Turning to the seasonal variation, its possible wind has a higher capacity factor in winter when solar output is low, but the evidence of the last year is not compelling. The lowest wind capacity factor in the year was actually in the winter month of June, and January in high summer was one of the higher producing wind months. The winter months have more high wind days, but they also have more low wind days.
If there is some seasonal synergy between wind and solar, its not particularly strong, and the contention that the maximum share of renewable energy is achieved by building wind and not solar seems sound.

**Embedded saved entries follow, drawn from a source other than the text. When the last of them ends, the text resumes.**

lemma odd_reps_flip_sum_case:
  assumes "(x, y) \<in> odd_reps m" "x + y = 4 * k"
  shows "odd_reps_flip (x, y) \<in> odd_reps m"
    and "odd_reps_flip (odd_reps_flip (x, y)) = (x, y)"
    and "odd_reps_flip (x, y) = (x, y) \<longleftrightarrow> x = 3 * y"
proof -
  have pos: "x > 0" "y > 0" and odd: "odd x" "odd y" and eq: "x\<^sup>2 + 3 * y\<^sup>2 = 4 * int m"
    using assms(1) by (auto simp: odd_reps_def)
  have x: "x = 4 * k - y" using assms(2) by simp
  have flip: "odd_reps_flip (x, y) = (2 * k + y, \<bar>2 * k - y\<bar>)"
    using assms(2) by (rule odd_reps_flip_sum)
  have "2 * k - y \<noteq> 0" using odd by presburger
  moreover have "(2 * k + y)\<^sup>2 + 3 * \<bar>2 * k - y\<bar>\<^sup>2 = x\<^sup>2 + 3 * y\<^sup>2"
    unfolding x by (simp add: power2_eq_square algebra_simps)
  ultimately show "odd_reps_flip (x, y) \<in> odd_reps m"
    unfolding flip using assms(2) pos odd eq by (auto simp: odd_reps_def)
  show "odd_reps_flip (odd_reps_flip (x, y)) = (x, y)"
  proof (cases "2 * k \<ge> y")
    case True
    then show ?thesis unfolding flip using x pos by (subst odd_reps_flip_sum[of _ _ k]) auto
  next
    case False
    have "\<not> 4 dvd (2 * k + y) + (y - 2 * k)" using odd by presburger
    then show ?thesis unfolding flip using x False pos by (subst odd_reps_flip_diff[of _ _ k]) auto
  qed
  show "odd_reps_flip (x, y) = (x, y) \<longleftrightarrow> x = 3 * y"
    unfolding flip using x pos by auto
qed

lemma odd_reps_flip_diff_case:
  assumes "(x, y) \<in> odd_reps m" "x - y = 4 * k" "\<not> 4 dvd x + y"
  shows "odd_reps_flip (x, y) \<in> odd_reps m"
    and "odd_reps_flip (odd_reps_flip (x, y)) = (x, y)"
    and "odd_reps_flip (x, y) = (x, y) \<longleftrightarrow> x = y"
proof -
  have pos: "x > 0" "y > 0" and odd: "odd x" "odd y" and eq: "x\<^sup>2 + 3 * y\<^sup>2 = 4 * int m"
    using assms(1) by (auto simp: odd_reps_def)
  have x: "x = 4 * k + y" using assms(2) by simp
  have flip: "odd_reps_flip (x, y) = (\<bar>2 * k - y\<bar>, 2 * k + y)"
    using assms(2,3) by (rule odd_reps_flip_diff)
  have "2 * k - y \<noteq> 0" using odd by presburger
  moreover have "\<bar>2 * k - y\<bar>\<^sup>2 + 3 * (2 * k + y)\<^sup>2 = x\<^sup>2 + 3 * y\<^sup>2"
    unfolding x by (simp add: power2_eq_square algebra_simps)
  ultimately show "odd_reps_flip (x, y) \<in> odd_reps m"
    unfolding flip using assms(2) pos odd eq by (auto simp: odd_reps_def)
  show "odd_reps_flip (odd_reps_flip (x, y)) = (x, y)"
  proof (cases "2 * k \<ge> y")
    case True
    then show ?thesis unfolding flip using x pos by (subst odd_reps_flip_sum[of _ _ k]) auto
  next
    case False
    have "\<not> 4 dvd (y - 2 * k) + (2 * k + y)" using odd by presburger
    then show ?thesis
      unfolding flip using x False pos by (subst odd_reps_flip_diff[of _ _ "- k"]) auto
  qed
  show "odd_reps_flip (x, y) = (x, y) \<longleftrightarrow> x = y"
    unfolding flip using x pos by auto
qed
lemma leading_coeff_root:
  fixes a b c s :: "'a::field_char_0 fls"
  assumes disc: "b^2 - 4 * a * c = s^2" and a: "a \<noteq> 0" and c: "c \<noteq> 0"
    and b: "vanishes_upto b (fls_subdegree a)"
    and ca: "fls_subdegree c \<le> fls_subdegree a" and as: "fls_subdegree a \<le> fls_subdegree s"
  shows "\<exists>t. vanishes_upto (qform a b c (fls_const t) 1) (fls_subdegree s)"
proof -
  define \<sigma> where "\<sigma> = fls_subdegree s"
  have sa: "fls_subdegree a = \<sigma>" and sc: "fls_subdegree c = \<sigma>"
    and lead: "fls_nth s \<sigma> ^ 2 = - 4 * fls_nth a \<sigma> * fls_nth c \<sigma>"
    using square_disc_leading_coeff[OF assms] by (simp_all add: \<sigma>_def)
  have a\<sigma>: "fls_nth a \<sigma> \<noteq> 0"
    using nth_fls_subdegree_nonzero[OF a] sa by simp
  define t where "t = fls_nth s \<sigma> / (2 * fls_nth a \<sigma>)"
  have "qform a b c (fls_const t) 1 = fls_const (t^2) * a + fls_const t * b + c"
    by (simp add: qform_def fls_const_power algebra_simps)
  moreover have "vanishes_upto (fls_const (t^2) * a + fls_const t * b + c) \<sigma>"
    unfolding vanishes_upto_def
  proof (intro allI impI)
    fix j assume j: "j \<le> \<sigma>"
    have "fls_nth b j = 0"
      using b j sa by (simp add: vanishes_upto_def)
    moreover have "t^2 * fls_nth a \<sigma> + fls_nth c \<sigma> = 0"
      using lead a\<sigma> by (simp add: t_def field_simps power2_eq_square)
    moreover have "fls_nth a j = 0 \<and> fls_nth c j = 0" if "j < \<sigma>"
      using that sa sc by simp
    ultimately show "fls_nth (fls_const (t^2) * a + fls_const t * b + c) j = 0"
      using j by (cases "j = \<sigma>") simp_all
  qed
  ultimately show ?thesis
    using \<sigma>_def by metis
qed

But the capacity factor threshold does require an adjustment. Recall the peak wind output was only 3238 MW, less than the nameplate capacity of 3753 MW. So we could build more capacity without fear of excess generation. Instead of spillage or storage being required at 29% wind share, we can accommodate a more generous 33% share. This greater share of wind energy is possible due to the geographic distribution of wind smoothing out some of the peaks.
There’s a lot of information in noise. Deducing the size of large scale weather systems from the power fluctuations is pretty cool, as is seeing the signature of spatial distribution of wind farms in a one-dimensional time series. Notably, a national wind fleet will not achieve full output due to geographical smoothing, but this smoothing also increases the capacity factor threshold for wind share a bit, from about 29% to 33%.
As expected, intermittency means wind contributes energy but not capacity to the grid, meaning wind acts as a fuel saver for fossil plants, which must increasingly shift to gas rather than coal as wind penetration grows, to accommodate higher ramp rates.
The capacity factor does not show strong consistent variation across hours, days or months, and share of renewable energy is limited as Jenkins and Trembath describe. There is little evidence of a synergy between wind and solar in the Australian grid, supporting my earlier conclusion that a combination of wind and solar can displace less fossil energy than wind alone. If we really wanted to push towards maximum renewable energy, we would build wind and not solar, and variable renewables share could grow to about 33%.
The Australian Energy Market Operator Generation and Load data can be found at this page.
Five minute data for all generators can be extracted by parsing the SCADA data files in this directory. Data goes back a little over a year. Older data is not available – AEMO appear to delete the oldest files on this page on a daily basis.
AEMO lists all generators connected to the grid, by technology here, in the spreadsheet “Registration and Exemption List”, in the tab “generators and Scheduled Loads”. Each generator has a unique identifier, the DUID, allowing it to be located in the SCADA files.
The SCADA files contain a number of errors – in many files the output of many generators is double counted. A corrected data set was created by filtering out duplicate generator entries.
The data was extracted and analysed with python code using the excellent SciPy scientific python tools, iPython notebook, pandas data analysis library, with MatPlotLib and Seaborn data visualization libraries for plotting.